* **GOAL OF THE EXERCISE**
The following data has a line with "n) = moment_range" and a line with "1 \<sigma>' (2". Write out exactly those lines and all the lines between them.

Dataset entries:
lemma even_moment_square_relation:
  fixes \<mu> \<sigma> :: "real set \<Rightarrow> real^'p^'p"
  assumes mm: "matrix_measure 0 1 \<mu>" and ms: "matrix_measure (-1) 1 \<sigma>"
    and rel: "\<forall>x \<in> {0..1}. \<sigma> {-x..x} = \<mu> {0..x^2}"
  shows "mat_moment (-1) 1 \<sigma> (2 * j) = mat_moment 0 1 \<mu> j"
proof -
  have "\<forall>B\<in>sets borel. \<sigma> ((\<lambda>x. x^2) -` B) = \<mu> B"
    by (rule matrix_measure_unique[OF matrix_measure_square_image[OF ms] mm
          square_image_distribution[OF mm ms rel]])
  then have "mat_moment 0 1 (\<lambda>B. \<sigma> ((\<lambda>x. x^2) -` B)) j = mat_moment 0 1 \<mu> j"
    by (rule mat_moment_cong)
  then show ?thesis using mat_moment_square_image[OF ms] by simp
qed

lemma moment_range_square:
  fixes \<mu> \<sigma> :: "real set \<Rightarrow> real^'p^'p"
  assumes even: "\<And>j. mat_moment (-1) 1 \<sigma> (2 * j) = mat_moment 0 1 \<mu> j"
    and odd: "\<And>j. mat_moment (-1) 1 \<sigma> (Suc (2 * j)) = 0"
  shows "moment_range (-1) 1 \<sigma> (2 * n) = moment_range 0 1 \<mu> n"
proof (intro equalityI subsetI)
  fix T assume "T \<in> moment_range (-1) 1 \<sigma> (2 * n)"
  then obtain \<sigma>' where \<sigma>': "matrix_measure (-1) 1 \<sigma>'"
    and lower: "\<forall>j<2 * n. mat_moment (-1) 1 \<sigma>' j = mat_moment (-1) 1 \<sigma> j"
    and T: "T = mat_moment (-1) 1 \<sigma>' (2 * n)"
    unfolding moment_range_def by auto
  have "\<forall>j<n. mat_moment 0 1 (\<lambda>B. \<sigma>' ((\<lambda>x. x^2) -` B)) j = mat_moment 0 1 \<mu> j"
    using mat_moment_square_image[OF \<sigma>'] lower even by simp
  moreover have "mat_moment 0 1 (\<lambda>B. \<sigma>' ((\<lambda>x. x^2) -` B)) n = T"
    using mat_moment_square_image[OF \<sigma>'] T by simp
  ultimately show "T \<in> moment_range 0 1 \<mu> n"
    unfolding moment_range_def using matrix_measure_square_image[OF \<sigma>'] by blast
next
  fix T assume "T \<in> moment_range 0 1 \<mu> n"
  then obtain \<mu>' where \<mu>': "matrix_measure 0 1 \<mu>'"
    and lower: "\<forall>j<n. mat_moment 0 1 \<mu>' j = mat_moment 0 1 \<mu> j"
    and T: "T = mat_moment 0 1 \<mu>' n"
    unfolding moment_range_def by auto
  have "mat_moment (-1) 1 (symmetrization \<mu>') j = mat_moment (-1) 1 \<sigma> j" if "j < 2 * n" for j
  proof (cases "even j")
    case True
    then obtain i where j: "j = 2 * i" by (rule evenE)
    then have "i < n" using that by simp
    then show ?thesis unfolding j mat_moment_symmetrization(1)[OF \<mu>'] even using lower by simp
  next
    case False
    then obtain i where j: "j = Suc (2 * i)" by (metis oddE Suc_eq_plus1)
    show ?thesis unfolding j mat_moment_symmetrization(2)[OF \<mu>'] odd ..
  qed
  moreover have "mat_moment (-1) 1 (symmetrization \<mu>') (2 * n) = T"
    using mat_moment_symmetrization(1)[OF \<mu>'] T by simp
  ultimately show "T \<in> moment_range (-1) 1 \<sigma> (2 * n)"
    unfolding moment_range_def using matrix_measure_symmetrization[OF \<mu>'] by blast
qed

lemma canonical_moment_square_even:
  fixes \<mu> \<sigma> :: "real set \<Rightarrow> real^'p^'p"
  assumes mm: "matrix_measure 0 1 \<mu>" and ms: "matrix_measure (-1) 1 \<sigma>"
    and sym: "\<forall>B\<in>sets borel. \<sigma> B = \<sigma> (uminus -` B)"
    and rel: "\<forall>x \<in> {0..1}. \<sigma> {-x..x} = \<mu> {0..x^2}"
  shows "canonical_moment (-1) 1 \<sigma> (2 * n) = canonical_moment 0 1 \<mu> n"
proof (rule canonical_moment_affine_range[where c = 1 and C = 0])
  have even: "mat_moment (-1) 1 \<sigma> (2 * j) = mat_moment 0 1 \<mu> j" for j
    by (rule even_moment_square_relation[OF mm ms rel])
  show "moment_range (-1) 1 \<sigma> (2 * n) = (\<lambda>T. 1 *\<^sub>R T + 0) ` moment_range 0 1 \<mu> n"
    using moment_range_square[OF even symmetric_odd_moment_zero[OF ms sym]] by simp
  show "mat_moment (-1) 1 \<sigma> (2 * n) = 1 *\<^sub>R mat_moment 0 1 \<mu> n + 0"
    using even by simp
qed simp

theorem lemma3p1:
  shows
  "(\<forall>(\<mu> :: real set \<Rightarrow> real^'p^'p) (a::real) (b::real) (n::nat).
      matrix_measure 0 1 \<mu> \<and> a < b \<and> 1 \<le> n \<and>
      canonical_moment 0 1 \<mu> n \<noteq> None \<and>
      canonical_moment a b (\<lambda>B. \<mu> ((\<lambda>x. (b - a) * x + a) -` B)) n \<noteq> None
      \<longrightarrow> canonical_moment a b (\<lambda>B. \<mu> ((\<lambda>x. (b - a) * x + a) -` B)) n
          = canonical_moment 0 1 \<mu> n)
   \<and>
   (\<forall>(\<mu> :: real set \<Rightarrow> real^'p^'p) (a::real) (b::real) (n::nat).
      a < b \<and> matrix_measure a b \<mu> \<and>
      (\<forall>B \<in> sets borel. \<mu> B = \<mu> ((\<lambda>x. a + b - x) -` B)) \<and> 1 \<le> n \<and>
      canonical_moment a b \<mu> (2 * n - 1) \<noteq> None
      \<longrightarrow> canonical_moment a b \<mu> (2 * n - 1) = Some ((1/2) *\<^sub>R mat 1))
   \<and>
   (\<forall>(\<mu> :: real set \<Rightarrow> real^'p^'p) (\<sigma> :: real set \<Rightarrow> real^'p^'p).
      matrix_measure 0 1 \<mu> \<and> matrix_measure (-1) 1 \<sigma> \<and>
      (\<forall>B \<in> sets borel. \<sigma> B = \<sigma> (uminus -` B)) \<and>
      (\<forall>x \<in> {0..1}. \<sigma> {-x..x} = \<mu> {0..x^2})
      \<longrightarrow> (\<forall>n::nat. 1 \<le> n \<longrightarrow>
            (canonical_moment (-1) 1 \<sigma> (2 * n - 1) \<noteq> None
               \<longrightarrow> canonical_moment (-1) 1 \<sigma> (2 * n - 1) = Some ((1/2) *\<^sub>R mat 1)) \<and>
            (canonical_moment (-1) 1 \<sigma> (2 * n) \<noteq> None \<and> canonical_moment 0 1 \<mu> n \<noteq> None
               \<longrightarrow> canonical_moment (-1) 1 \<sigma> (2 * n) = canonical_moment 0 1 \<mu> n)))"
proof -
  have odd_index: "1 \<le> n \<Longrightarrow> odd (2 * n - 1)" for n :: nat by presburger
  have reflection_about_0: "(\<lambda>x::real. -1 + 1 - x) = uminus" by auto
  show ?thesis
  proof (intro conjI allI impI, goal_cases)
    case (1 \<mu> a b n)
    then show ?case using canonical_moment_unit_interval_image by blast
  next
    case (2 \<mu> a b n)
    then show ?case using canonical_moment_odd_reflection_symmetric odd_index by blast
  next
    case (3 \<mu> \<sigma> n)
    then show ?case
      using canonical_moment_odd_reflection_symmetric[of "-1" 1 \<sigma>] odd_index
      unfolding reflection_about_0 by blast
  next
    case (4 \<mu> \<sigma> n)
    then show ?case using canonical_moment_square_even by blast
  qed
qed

* **WRITTEN RESPONSE**
  shows "moment_range (-1) 1 \<sigma> (2 * n) = moment_range 0 1 \<mu> n"
proof (intro equalityI subsetI)
  fix T assume "T \<in> moment_range (-1) 1 \<sigma> (2 * n)"
  then obtain \<sigma>' where \<sigma>': "matrix_measure (-1) 1 \<sigma>'"
    and lower: "\<forall>j<2 * n. mat_moment (-1) 1 \<sigma>' j = mat_moment (-1) 1 \<sigma> j"
    and T: "T = mat_moment (-1) 1 \<sigma>' (2 * n)"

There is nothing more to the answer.